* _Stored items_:
=-=-=-=-=
lemma (in prob_space) sub_gaussian_means_uniform_bound:
  fixes Y :: "'g \<Rightarrow> 'j \<Rightarrow> 'a \<Rightarrow> real" and \<delta> :: real
  assumes G: "finite G" and J: "\<And>g. g \<in> G \<Longrightarrow> finite (J g)"
    and ind: "\<And>g. g \<in> G \<Longrightarrow> indep_vars (\<lambda>_. borel) (Y g) (J g)"
    and sg: "\<And>g j. g \<in> G \<Longrightarrow> j \<in> J g \<Longrightarrow> sub_gaussian M s (Y g j)"
    and s: "s \<ge> 0" and \<delta>: "0 < \<delta>" "\<delta> \<le> 2 * real (card G)"
  shows "\<exists>A\<in>events. prob A \<ge> 1 - \<delta> \<and> (\<forall>x\<in>A. \<forall>g\<in>G.
           \<bar>(\<Sum>j\<in>J g. Y g j x) / card (J g)\<bar> \<le> s * sqrt (2 * ln (2 * real (card G) / \<delta>) / card (J g)))"
proof -
  define t where "t = ln (2 * real (card G) / \<delta>)"
  have "real (card G) > 0"
    using \<delta> by linarith
  have t: "t \<ge> 0"
    unfolding t_def using \<delta> by (intro ln_ge_zero) (simp add: le_divide_eq)
  define B where "B g = {x\<in>space M. \<bar>(\<Sum>j\<in>J g. Y g j x) / card (J g)\<bar> > s * sqrt (2 * t / card (J g))}" for g
  have B_events: "B g \<in> events" if "g \<in> G" for g
  proof -
    have [measurable]: "Y g j \<in> borel_measurable M" if "j \<in> J g" for j
      using ind[OF \<open>g \<in> G\<close>] that unfolding indep_vars_def by blast
    show ?thesis
      unfolding B_def by measurable
  qed
  have "exp (- t) = \<delta> / (2 * card G)"
    unfolding t_def using \<delta>(1) \<open>real (card G) > 0\<close> by (simp add: exp_minus)
  have "prob (\<Union>g\<in>G. B g) \<le> (\<Sum>g\<in>G. prob (B g))"
    using B_events G by (intro finite_measure_subadditive_finite) auto
  also have "\<dots> \<le> (\<Sum>g\<in>G. 2 * exp (- t))"
    unfolding B_def using J ind sg s t by (intro sum_mono sub_gaussian_mean_abs_tail) auto
  also have "\<dots> = \<delta>"
    using \<open>exp (- t) = \<delta> / (2 * card G)\<close> \<open>real (card G) > 0\<close> by simp
  finally have "prob (\<Union>g\<in>G. B g) \<le> \<delta>" .
  moreover have "(\<Union>g\<in>G. B g) \<in> events"
    using B_events G by auto
  ultimately have "space M - (\<Union>g\<in>G. B g) \<in> events" "prob (space M - (\<Union>g\<in>G. B g)) \<ge> 1 - \<delta>"
    by (auto simp: prob_compl)
  moreover have "\<bar>(\<Sum>j\<in>J g. Y g j x) / card (J g)\<bar> \<le> s * sqrt (2 * t / card (J g))"
    if "x \<in> space M - (\<Union>g\<in>G. B g)" "g \<in> G" for x g
    using that by (auto simp: B_def not_less)
  ultimately show ?thesis
    unfolding t_def by blast
qed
=-=-=-=-=
* _The problem_: Transcribe the lines above between the line holding "sqrt (2 * ln" and the line holding "unfolding t_def using \<delta> by", inclusive, exactly as they stand and with nothing added.

* _Expected output_:
           \<bar>(\<Sum>j\<in>J g. Y g j x) / card (J g)\<bar> \<le> s * sqrt (2 * ln (2 * real (card G) / \<delta>) / card (J g)))"
proof -
  define t where "t = ln (2 * real (card G) / \<delta>)"
  have "real (card G) > 0"
    using \<delta> by linarith
  have t: "t \<ge> 0"
    unfolding t_def using \<delta> by (intro ln_ge_zero) (simp add: le_divide_eq)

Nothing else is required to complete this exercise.